5. Significance and Future Outlook

• Democratization of Optical Engineering: Lowers the barrier to entry, allowing non-specialists to generate high-quality optical designs from natural language, potentially accelerating innovation in AR/VR, consumer electronics, and scientific instrumentation.
• New Paradigm for Automation: Establishes a workflow where AI acts as an active participant in the engineering loop rather than just a catalog or a parameter tuner.
• Scalability: The framework is modular.
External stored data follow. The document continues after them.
(* Let $\Sigma$ be a closed Riemann surface of genus $g>1$ equipped with a smooth conformal background metric $h$, and let $U_0$ be a holomorphic cubic differential on $\Sigma$ which is not identically zero. For $\lambda>0$ let $u=u_\lambda$ be the solution of $$\Delta u+4e^{-2u}\|U\|^2-2e^u-2\kappa=0$$ for $U=\lambda U_0$, where $\Delta$, $\|\cdot\|$ and $\kappa$ are the Laplacian, pointwise norm and Gauss curvature of $h$. Let $K$ be a compact subset of $\Sigma$ containing no zero of $U_0$. Then there is a constant $C=C(\Sigma,U_0,K)$ such that on $K$ $$\tfrac12\ \ge\ \|U\|^2e^{-3u_\lambda}\ \ge\ \tfrac12-C\lambda^{-2/3}.$$
   Context: The quantity $\|U\|^2_h e^{-3u}$ equals $|U|^2/(e^uh)^3$, the pointwise norm squared of $U$ with respect to the metric $e^{u}h$. The Laplacian is the nonnegative-spectrum-sign convention in which, for $h=|dz|^2$ locally, $\Delta=4\partial_z\partial_{\bar z}$, so that with $e^uh=e^\psi|dz|^2$ and $U=U(z)dz^3$ the equation reads $\psi_{z\bar z}+|U|^2e^{-2\psi}-\tfrac12 e^\psi=0$. *)

theory Defs
  imports "HOL-Homology.Homology" "HOL-Complex_Analysis.Complex_Analysis"
begin

text \<open>All local objects (metric density,
cubic differential) are given by their local expressions in each chart of the atlas,
subject to the usual transformation laws.\<close>

type_synonym 'a chart = "'a set \<times> ('a \<Rightarrow> complex)"

definition transition :: "'a chart \<Rightarrow> 'a chart \<Rightarrow> complex \<Rightarrow> complex" where
  "transition c d = snd d \<circ> inv_into (fst c) (snd c)"

definition riemann_surface :: "'a topology \<Rightarrow> 'a chart set \<Rightarrow> bool" where
  "riemann_surface X A \<longleftrightarrow>
     compact_space X \<and> Hausdorff_space X \<and> connected_space X \<and> topspace X \<noteq> {} \<and>
     (\<Union>c\<in>A. fst c) = topspace X \<and>
     (\<forall>(U,\<phi>)\<in>A. openin X U \<and> open (\<phi> ` U) \<and>
        homeomorphic_map (subtopology X U) (top_of_set (\<phi> ` U)) \<phi>) \<and>
     (\<forall>c\<in>A. \<forall>d\<in>A. transition c d holomorphic_on (snd c ` (fst c \<inter> fst d)))"

definition has_genus :: "'a topology \<Rightarrow> nat \<Rightarrow> bool" where
  "has_genus X g \<longleftrightarrow> homology_group 1 X \<cong> free_Abelian_group {..<2*g}"

definition dx :: "(complex \<Rightarrow> real) \<Rightarrow> complex \<Rightarrow> real" where
  "dx f z = deriv (\<lambda>t::real. f (z + complex_of_real t)) 0"
definition dy :: "(complex \<Rightarrow> real) \<Rightarrow> complex \<Rightarrow> real" where
  "dy f z = deriv (\<lambda>t::real. f (z + \<i> * complex_of_real t)) 0"
definition lap0 :: "(complex \<Rightarrow> real) \<Rightarrow> complex \<Rightarrow> real" where
  "lap0 f z = dx (dx f) z + dy (dy f) z"

fun Ck :: "nat \<Rightarrow> complex set \<Rightarrow> (complex \<Rightarrow> real) \<Rightarrow> bool" where
  "Ck 0 S f = continuous_on S f"
| "Ck (Suc k) S f = ((\<forall>z\<in>S. f differentiable (at z)) \<and> Ck k S (dx f) \<and> Ck k S (dy f))"

definition smooth_on :: "complex set \<Rightarrow> (complex \<Rightarrow> real) \<Rightarrow> bool" where
  "smooth_on S f \<longleftrightarrow> (\<forall>k. Ck k S f)"

text \<open>A smooth conformal metric h: in the chart c it is rho c z |dz|^2.\<close>
definition conformal_metric :: "'a chart set \<Rightarrow> ('a chart \<Rightarrow> complex \<Rightarrow> real) \<Rightarrow> bool" where
  "conformal_metric A rho \<longleftrightarrow>
     (\<forall>c\<in>A. smooth_on (snd c ` fst c) (rho c) \<and> (\<forall>z\<in>snd c ` fst c. rho c z > 0)) \<and>
     (\<forall>c\<in>A. \<forall>d\<in>A. \<forall>z\<in>snd c ` (fst c \<inter> fst d).
        rho c z = rho d (transition c d z) * (cmod (deriv (transition c d) z))\<^sup>2)"

text \<open>A holomorphic cubic differential: in the chart c it is U c z dz^3.\<close>
definition holo_cubic_diff :: "'a chart set \<Rightarrow> ('a chart \<Rightarrow> complex \<Rightarrow> complex) \<Rightarrow> bool" where
  "holo_cubic_diff A U \<longleftrightarrow>
     (\<forall>c\<in>A. U c holomorphic_on (snd c ` fst c)) \<and>
     (\<forall>c\<in>A. \<forall>d\<in>A. \<forall>z\<in>snd c ` (fst c \<inter> fst d).
        U c z = U d (transition c d z) * (deriv (transition c d) z) ^ 3)"

definition smooth_fun :: "'a chart set \<Rightarrow> ('a \<Rightarrow> real) \<Rightarrow> bool" where
  "smooth_fun A u \<longleftrightarrow> (\<forall>c\<in>A. smooth_on (snd c ` fst c) (u \<circ> inv_into (fst c) (snd c)))"

definition laplacian :: "('a chart \<Rightarrow> complex \<Rightarrow> real) \<Rightarrow> 'a chart \<Rightarrow> ('a \<Rightarrow> real) \<Rightarrow> complex \<Rightarrow> real" where
  "laplacian rho c u z = lap0 (u \<circ> inv_into (fst c) (snd c)) z / rho c z"

definition gauss_curvature :: "('a chart \<Rightarrow> complex \<Rightarrow> real) \<Rightarrow> 'a chart \<Rightarrow> complex \<Rightarrow> real" where
  "gauss_curvature rho c z = - lap0 (\<lambda>w. ln (rho c w)) z / (2 * rho c z)"

definition cubic_norm2 :: "('a chart \<Rightarrow> complex \<Rightarrow> real) \<Rightarrow> ('a chart \<Rightarrow> complex \<Rightarrow> complex) \<Rightarrow> 'a chart \<Rightarrow> complex \<Rightarrow> real" where
  "cubic_norm2 rho U c z = (cmod (U c z))\<^sup>2 / (rho c z) ^ 3"

definition solves_eq :: "'a chart set \<Rightarrow> ('a chart \<Rightarrow> complex \<Rightarrow> real) \<Rightarrow> ('a chart \<Rightarrow> complex \<Rightarrow> complex) \<Rightarrow> ('a \<Rightarrow> real) \<Rightarrow> bool" where
  "solves_eq A rho U u \<longleftrightarrow> smooth_fun A u \<and>
     (\<forall>c\<in>A. \<forall>p\<in>fst c. let z = snd c p in
        laplacian rho c u z + 4 * exp (-2 * u p) * cubic_norm2 rho U c z - 2 * exp (u p)
          - 2 * gauss_curvature rho c z = 0)"

end

theory Submission
  imports Defs
begin

(*
  In a chart write e^u h = e^psi |dz|^2 and U = V dz^3; then N = |V|^2 e^(-3 psi) is the quantity
  ||U||^2 e^(-3u), and the equation becomes  Delta_0 psi = 2 e^psi - 4 |V|^2 e^(-2 psi)  for the flat
  Laplacian Delta_0.  Where V does not vanish, log |V|^2 is harmonic, so
  Delta_0 (log N) = 6 e^psi (2 N - 1).

  Upper bound: N is a continuous function on the closed surface; at its maximum Delta_0 (log N) <= 0,
  hence N <= 1/2 everywhere.

  Lower bound: v = - log (2 N) satisfies Delta_0 v = 6 e^psi (1 - e^(-v)) and e^psi >= m^(2/3) e^(v/3)
  on a disc of radius R around z0 on which |V| >= m.  The maximum principle against the barrier
  3 log B - 6 log (R^2 - |z - z0|^2), which blows up at the boundary, gives v(z0) <= 12 / (m^(2/3) R^2),
  i.e. N(z0) >= 1/2 - 6 / (m^(2/3) R^2).  For U = lam U0 one may take m proportional to lam, which
  produces the rate lam^(-2/3); finitely many such discs cover the compact set K.
*)

section \<open>Directional second derivatives\<close>

lemma second_derivative_nonpos_at_local_max:
  fixes h h' :: "real \<Rightarrow> real"
  assumes "d > 0" and max: "\<And>t. \<bar>t\<bar> < d \<Longrightarrow> h t \<le> h 0"
    and h: "\<And>t. \<bar>t\<bar> < d \<Longrightarrow> (h has_real_derivative h' t) (at t)"
    and h': "(h' has_real_derivative a) (at 0)"
  shows "a \<le> 0"
proof (rule ccontr)
  assume "\<not> a \<le> 0"
  then obtain d1 where "d1 > 0" and h'_inc: "\<And>t. 0 < t \<Longrightarrow> t < d1 \<Longrightarrow> h' 0 < h' t"
    using DERIV_pos_inc_right[OF h'] by force
  have "h' 0 = 0"
    using DERIV_local_max[OF h[of 0] \<open>d > 0\<close>] max by (simp add: \<open>d > 0\<close>)
  define t where "t = min d d1 / 2"
  have t: "0 < t" "t < d" "t < d1" using \<open>d > 0\<close> \<open>d1 > 0\<close> by (auto simp: t_def)
  obtain \<xi> where \<xi>: "0 < \<xi>" "\<xi> < t" "h t - h 0 = t * h' \<xi>"
    using MVT2[OF t(1), of h h'] h t by force
  have "h' \<xi> > 0" using h'_inc[of \<xi>] \<xi> t \<open>h' 0 = 0\<close> by simp
  with \<xi> t have "h t > h 0" by (simp add: algebra_simps)
  with max[of t] t show False by simp
qed

lemma eventually_line_in_open:
  fixes s v :: complex
  assumes "open T" "s \<in> T"
  shows "\<forall>\<^sub>F t in nhds 0. s + v * of_real t \<in> T"
proof -
  have "((\<lambda>t::real. s + v * of_real t) \<longlongrightarrow> s) (nhds 0)"
    by (rule tendsto_eq_intros filterlim_ident refl | simp)+
  with assms show ?thesis by (simp add: topological_tendstoD)
qed

lemma DERIV_line_shift:
  assumes "((\<lambda>\<tau>. f (z + v * of_real t + v * of_real \<tau>)) has_real_derivative D) (at 0)"
  shows "((\<lambda>t. f (z + v * of_real t)) has_real_derivative D) (at t)"
  using assms DERIV_shift[of "\<lambda>t. f (z + v * of_real t)" D 0 t]
  by (simp add: algebra_simps)

text \<open>First derivatives are only required along the lines parallel to v near z: this is all that
  the maximum principle and the chain rule for ln need, and it avoids a theory of C^2 functions.\<close>

definition has_second_dir_deriv :: "(complex \<Rightarrow> real) \<Rightarrow> complex \<Rightarrow> real \<Rightarrow> complex \<Rightarrow> bool" where
  "has_second_dir_deriv f v a z \<longleftrightarrow> (\<exists>e>0. \<exists>D.
     (\<forall>s\<in>ball z e. ((\<lambda>t. f (s + v * of_real t)) has_real_derivative D s) (at 0)) \<and>
     ((\<lambda>t. D (z + v * of_real t)) has_real_derivative a) (at 0))"

lemma has_second_dir_derivI:
  assumes "e > 0"
    "\<And>s. s \<in> ball z e \<Longrightarrow> ((\<lambda>t. f (s + v * of_real t)) has_real_derivative D s) (at 0)"
    "((\<lambda>t. D (z + v * of_real t)) has_real_derivative a) (at 0)"
  shows "has_second_dir_deriv f v a z"
  using assms unfolding has_second_dir_deriv_def by blast

lemma has_second_dir_deriv_imp_DERIV_line:
  assumes "has_second_dir_deriv f v a z"
  obtains d where "((\<lambda>t. f (z + v * of_real t)) has_real_derivative d) (at 0)"
proof -
  obtain e D where "e > 0"
    and "\<And>s. s \<in> ball z e \<Longrightarrow> ((\<lambda>t. f (s + v * of_real t)) has_real_derivative D s) (at 0)"
    using assms unfolding has_second_dir_deriv_def by blast
  then have "((\<lambda>t. f (z + v * of_real t)) has_real_derivative D z) (at 0)" by simp
  then show ?thesis by (rule that)
qed

lemma has_second_dir_deriv_imp_deriv:
  assumes "has_second_dir_deriv f v a z"
  shows "deriv (\<lambda>t. deriv (\<lambda>\<tau>. f (z + v * of_real t + v * of_real \<tau>)) 0) 0 = a"
proof -
  obtain e D where "e > 0"
    and D: "\<And>s. s \<in> ball z e \<Longrightarrow> ((\<lambda>t. f (s + v * of_real t)) has_real_derivative D s) (at 0)"
    and D': "((\<lambda>t. D (z + v * of_real t)) has_real_derivative a) (at 0)"
    using assms unfolding has_second_dir_deriv_def by blast
  have "\<forall>\<^sub>F t in nhds 0. z + v * of_real t \<in> ball z e"
    using \<open>e > 0\<close> by (intro eventually_line_in_open) auto
  then have "\<forall>\<^sub>F t in nhds 0. deriv (\<lambda>\<tau>. f (z + v * of_real t + v * of_real \<tau>)) 0 = D (z + v * of_real t)"
    by eventually_elim (use D DERIV_imp_deriv in blast)
  with D' have "((\<lambda>t. deriv (\<lambda>\<tau>. f (z + v * of_real t + v * of_real \<tau>)) 0) has_real_derivative a) (at 0)"
    using DERIV_cong_ev by fastforce
  then show ?thesis by (rule DERIV_imp_deriv)
qed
Future work aims to expand the dataset to include more diverse patents, integrate full dispersion curves (Sellmeier coefficients) for better polychromatic performance, and extend the physics engine to support reflective elements, coordinate breaks, and diffractive/metasurface optics.

In conclusion, this work validates that the fusion of semantic reasoning (LLMs) and differentiable physics creates a robust path toward autonomous, diffraction-limited optical design.